# Advice on Brackish Tank



## sciencebuff93 (Feb 14, 2008)

Hello again,
I wasn't sure where to put this but I've been contemplating starting a brackish tank out of my 55 hexagon tank, but the websites I've found said about the same basic things and hardly what really matters. I wanted to get some mollies, rainbowfish, and maybe some monos, bala shark, scat, emperor tetra, bumblebee goby if they are all compatable and/or if my lfs has any. But idk, would it be a massacre? 
Thanks


----------



## Kogo (Mar 14, 2008)

the bulk of what i know about brackish tanks is how much better the fish look when housed properly. I would think that the mollies wouldn't be compatible with the scats and monos.

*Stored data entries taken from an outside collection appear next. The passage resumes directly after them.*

(* The Galois structure $\Gamma=(\mathsf{PreOrdGrp},\mathsf{Mono(Ab)},F,U,\mathscr{E},\mathscr{Z})$ is admissible; that is, for every preordered group $B$, every object $X$ of $\mathsf{Mono(Ab)}$ and every regular epimorphism $\phi\colon X\to F(B)$ in $\mathsf{Mono(Ab)}$, the functor $F$ sends the pullback in $\mathsf{PreOrdGrp}$ of $U(\phi)$ along the unit $\eta_B\colon B\to UF(B)$ to a pullback in $\mathsf{Mono(Ab)}$.
   Context: A preordered group is a pair $(G,P_G)$ with $G$ an additively written group and $P_G\subseteq G$ a submonoid closed under conjugation; morphisms are group homomorphisms $f$ with $f(P_G)\subseteq P_H$. This is $\mathsf{PreOrdGrp}$; limits are computed componentwise. $\mathsf{Mono(Ab)}$ is the full subcategory of $(G,P_G)$ with $G$ abelian and $P_G$ a subgroup, $U$ its inclusion, and $F$ its left adjoint: $F(G,P_G)=(G/[G,G],\{x-y: x,y\in\eta_G(P_G)\})$, $\eta_G$ the abelianization quotient, unit induced by $\eta_G$; the counit of $F\dashv U$ is an isomorphism. $\mathscr E$ (resp. $\mathscr Z$) is the class of regular epimorphisms in $\mathsf{PreOrdGrp}$ (resp. $\mathsf{Mono(Ab)}$), i.e. morphisms $(f,\bar f)$ with $f$ and its restriction $\bar f$ to positive cones both surjective. A Galois structure $(\mathscr C,\mathscr F,F,U,\mathscr E,\mathscr Z)$ is admissible when for every $B$ the counit of the induced adjunction between $\mathscr E$-extensions of $B$ and $\mathscr Z$-extensions of $F(B)$ (right adjoint: pullback of $U(\phi)$ along $\eta_B$) is an isomorphism; when the counit of $F\dashv U$ is an isomorphism this is equivalent to the pullback-preservation condition in the claim. *)

theory Defs
  imports "HOL-Algebra.Algebra"
begin

text \<open>Preordered groups are written multiplicatively here (HOL-Algebra groups);
  a preordered group is a pair (G, P) given as two arguments.\<close>

definition preord_group :: "('a, 'b) monoid_scheme \<Rightarrow> 'a set \<Rightarrow> bool" where
  "preord_group G P \<longleftrightarrow> group G \<and> submonoid P G \<and>
     (\<forall>g\<in>carrier G. \<forall>p\<in>P. g \<otimes>\<^bsub>G\<^esub> p \<otimes>\<^bsub>G\<^esub> inv\<^bsub>G\<^esub> g \<in> P)"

good luck and please share your experience (good or bad) with this project.


----------



## JBarlak (Mar 16, 2008)

I would suggest against a hex tank. I am running one right now and it's not all that fun since it's planted and just today I dropped one of my firemouths into it from my other tank. It took me pulling out about 10 plants and the driftwood to finally catch him. I have seen hex tanks work with angel fish but right now I see it more of a hindrance for a community tank, since you are not able to lay out a tank with distinct areas. Good luck to you with whatever you chose.
john


----------



## sciencebuff93 (Feb 14, 2008)

> I would suggest against a hex tank. I am running one right now and it's not all that fun since it's planted and just today I dropped one of my firemouths into it from my other tank. It took me pulling out about 10 plants and the driftwood to finally catch him. I have seen hex tanks work with angel fish but right now I see it more of a hindrance for a community tank.

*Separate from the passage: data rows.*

text \<open>Normalising the signs of \<open>u\<^sub>2\<close>, the vectors \<open>(u\<^sub>1 x, u\<^sub>1 z)\<close> and
  \<open>(u\<^sub>2 x, u\<^sub>2 z)\<close> are perpendicular of squared length \<open>2\<close>: this is Case A.\<close>
lemma two_two_uniform:
  assumes L: "labelling x y z w" and pat: "u 3 y = u 3 x" "u 3 z = - u 3 x" "u 3 w = - u 3 x"
    and nonneg: "u 2 x \<ge> 0" "u 2 z \<ge> 0"
  shows "normal_form p u"
proof -
  note uniform = two_two_values[OF L pat]
  have lt: "x < 4" using L by (simp add: labelling_def)
  have norm2: "(u 2 x)\<^sup>2 + (u 2 z)\<^sup>2 = 2"
    using orthonormal_at[OF L, of 2 2] uniform by (simp add: power2_eq_square)
  have norm1: "(u 1 x)\<^sup>2 + (u 1 z)\<^sup>2 = 2"
    using orthonormal_at[OF L, of 1 1] uniform by (simp add: power2_eq_square)
  have perp: "u 1 x * u 2 x + u 1 z * u 2 z = 0"
    using orthonormal_at[OF L, of 1 2] uniform by (simp add: algebra_simps)
  obtain t where t: "t = 1 \<or> t = -1" "t * u 1 x = u 2 z" "t * u 1 z = - u 2 x"
    using perpendicular_rotation[of "u 1 x" "u 1 z" "u 2 x" "u 2 z"] norm1 norm2 perp by force
  define s where "s = (\<lambda>j. [1, t, 1, u 3 x] ! j)"
  show ?thesis
  proof (rule normal_form_uniformI[OF L, of s _ "u 2 x" "u 2 z"])
    show "\<forall>j<4. s j = 1 \<or> s j = -1" using t u3_sign[OF lt] by (auto simp: all_lessThan_4 s_def)
  qed (use uniform nonneg norm2 t u3_sign[OF lt] first_constant L pat in
    \<open>auto simp: all_lessThan_4 s_def labelling_def\<close>)
qed

text \<open>Swapping the states within a level set achieves the sign normalisation.\<close>
lemma two_two:
  assumes L: "labelling x y z w" and pat: "u 3 y = u 3 x" "u 3 z = - u 3 x" "u 3 w = - u 3 x"
  shows "normal_form p u"
proof -
  have u2: "u 2 y = - u 2 x" "u 2 w = - u 2 z" using two_two_values(5,6)[OF L pat, of 2] by simp_all
  have relabellings: "labelling y x z w" "labelling x y w z" "labelling y x w z"
    using L by (auto simp: labelling_def)
  consider "u 2 x \<ge> 0" "u 2 z \<ge> 0" | "u 2 y \<ge> 0" "u 2 z \<ge> 0" | "u 2 x \<ge> 0" "u 2 w \<ge> 0"
    | "u 2 y \<ge> 0" "u 2 w \<ge> 0"
    using u2 by linarith
  then show ?thesis
  proof cases
    case 1 then show ?thesis using two_two_uniform[OF L pat] by simp
  next
    case 2 then show ?thesis using pat by (intro two_two_uniform[OF relabellings(1)]) auto
  next
    case 3 then show ?thesis using pat by (intro two_two_uniform[OF relabellings(2)]) auto
  next
    case 4 then show ?thesis using pat by (intro two_two_uniform[OF relabellings(3)]) auto
  qed
qed

text \<open>Since \<open>u\<^sub>3 = \<pm>1\<close> is orthogonal to the constants it is not constant, and the two
  shapes are handled above.\<close>
theorem normal_form_exists: "normal_form p u"
proof -
  have "u 3 0 * (\<Sum>l<4. p l) = (\<Sum>l<4. p l * u 3 l * u 0 l)" if "\<forall>l<4. u 3 l = u 3 0"
    using that first_constant by (simp add: sum_lessThan_4 all_lessThan_4 algebra_simps)
  moreover have "(\<Sum>l<4. p l) = 1" using orthonormal[of 0 0] first_constant by simp
  ultimately have nonconstant: "\<not> (u 3 1 = u 3 0 \<and> u 3 2 = u 3 0 \<and> u 3 3 = u 3 0)"
    using orthonormal[of 3 0] u3_sign[of 0] by (auto simp: all_lessThan_4)
  have two_valued: "u 3 l = u 3 0 \<or> u 3 l = - u 3 0" if "l < 4" for l
    using u3_sign[OF that] u3_sign[of 0] by auto
  show ?thesis
  proof (rule sign_pattern_cases[of "u 3", OF two_valued nonconstant])
    show "normal_form p u" if "labelling x y z w" "u 3 y = u 3 x" "u 3 z = u 3 x" "u 3 w = - u 3 x"
      for x y z w
      using three_one that by blast
    show "normal_form p u" if "labelling x y z w" "u 3 y = u 3 x" "u 3 z = - u 3 x" "u 3 w = - u 3 x"
      for x y z w
      using two_two that by blast
  qed
qed

end

theorem lemma2:
  fixes p :: "nat \<Rightarrow> real" and Q U :: "real mat" and l2 l3 l4 :: real
  assumes p_pos: "\<forall>i<4. p i > 0"
    and p_sum: "(\<Sum>i<4. p i) = 1"
    and Q_dim: "Q \<in> carrier_mat 4 4"
    and Q_off: "\<forall>i<4. \<forall>j<4. i \<noteq> j \<longrightarrow> Q $$ (i, j) > 0"
    and Q_rows: "\<forall>i<4. (\<Sum>j<4. Q $$ (i, j)) = 0"
    and Q_rev: "transpose_mat (mat_diag 4 p * Q) = mat_diag 4 p * Q"
    and U_dim: "U \<in> carrier_mat 4 4"
    and eig: "0 > l2" "l2 \<ge> l3" "l3 \<ge> l4"
    and U_diag: "\<exists>V \<in> carrier_mat 4 4. U * V = 1\<^sub>m 4 \<and> V * U = 1\<^sub>m 4 \<and>
                   Q = U * mat_diag 4 (\<lambda>i. [0, l2, l3, l4] ! i) * V"
    and U_orth: "U * transpose_mat U = mat_diag 4 (\<lambda>i. 1 / p i)"
    and U_col1: "\<forall>i<4. U $$ (i, 0) = 1"
    and nu0: "\<forall>i j. 0 < i \<longrightarrow> i \<le> j \<longrightarrow> j < 4 \<longrightarrow> nu p U i j j = 0"
  shows "\<exists>\<sigma> s. \<sigma> permutes {..<4} \<and> (\<forall>j<4. s j = 1 \<or> s j = (-1::real)) \<and>
          (let U' = mat 4 4 (\<lambda>(i, j). s j * U $$ (\<sigma> i, j)) in
            ((\<forall>i<4. p (\<sigma> i) = 1/4) \<and>
             (\<exists>b c. b \<ge> 0 \<and> c \<ge> 0 \<and> b\<^sup>2 + c\<^sup>2 = 2 \<and>
                U' = mat_of_rows_list 4 [[1, c, b, 1], [1, -c, -b, 1], [1, -b, c, -1], [1, b, -c, -1]]))
          \<or> (p (\<sigma> 0) = 1/8 \<and> p (\<sigma> 1) = 1/8 \<and> p (\<sigma> 2) = 1/4 \<and> p (\<sigma> 3) = 1/2 \<and>
             U' = mat_of_rows_list 4 [[1, 2, sqrt 2, 1], [1, -2, sqrt 2, 1], [1, 0, -sqrt 2, 1], [1, 0, 0, -1]]))"
proof -
  define u where "u = (\<lambda>k l. U $$ (l, k))"
  interpret zero_nu_basis p u
  proof
    show "\<And>l. l < 4 \<Longrightarrow> p l > 0" "\<And>l. l < 4 \<Longrightarrow> u 0 l = 1"
      using p_pos U_col1 by (simp_all add: u_def)
    show "(\<Sum>l<4. p l * u i l * u j l) = (if i = j then 1 else 0)" if "i < 4" "j < 4" for i j
      using weighted_orthonormality[OF U_dim U_orth p_pos that] by (simp add: u_def)
    show "(\<Sum>k<4. u k l * u k m) = (if l = m then 1 / p l else 0)" if "l < 4" "m < 4" for l m
      using dual_orthogonality[OF U_dim U_orth that] by (simp add: u_def)
    show "(\<Sum>l<4. p l * u i l * u j l * u j l) = 0" if "0 < i" "i \<le> j" "j < 4" for i j
      using nu0 that by (simp add: u_def nu_def)
  qed
  show ?thesis
    using normal_form_exists unfolding normal_form_def uniform_frame_def dyadic_frame_def u_def .
qed

end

Point taken. I've tore down the tank I mentioned a couple times and certain fish (especially clown loaches) can ruin the whole tank just in the process of trying to take them out. And not to mention that its two foot deep! But it's the only large tank I have for fish (unless I put my turtle in the hex). But if I wanted to do monos at least, what do you think would be compatible with them?


----------



## djrichie (May 15, 2008)

You could make a moss tank and put freshwater shrimps in it.......


----------



## skarasek (Aug 25, 2008)

Monos, any type of scat, and the bumblebee gobies are all brackish fish, but I'm not sure how well a bala or emperor tetra would do. I currently have a small ruby scat, about 2 inches, and he is a bully. He killed two of my archers, both almost twice his size. My tank was a bit small though, so that probably didn't help. They do get large, and more aggressive as they age. Monos too, but the combination of those two together would be fine. And the bumblebee cat will hide, and you wont ever see him, so he won't get bothered at all. I have a 29 brackish tank with that scat, one archer, three mollies, some mosquito fish, and seven golden wonder killies (not brackish, but have been doing GREAT in my tank). I plan on getting a mono or two for my tank, as it isn't big enough to house more than that, but the more the marrier with those. And I plan to get a figure 8 puffer, because they don't get as big as other puffers. For the bala and emperor, the only way to know is to try. That's what I did with those killies. Just make sure you transition them slowly. If they stop eating and become lathargic, that's when you know it was a failed attempt, and it's time to move them to a fresh tank. Good luck!


----------



## Fishboydanny1 (Jun 13, 2008)

skarasek: DON'T GET THE PUFFER!!!!!!!!! I havent Herd of a puffer yet that wont kill and eat every fish!

My uncle once put a male betta with a puffer, and an hour later the betta was nowere to be seen. Puffers are for a species setup!!!!!


----------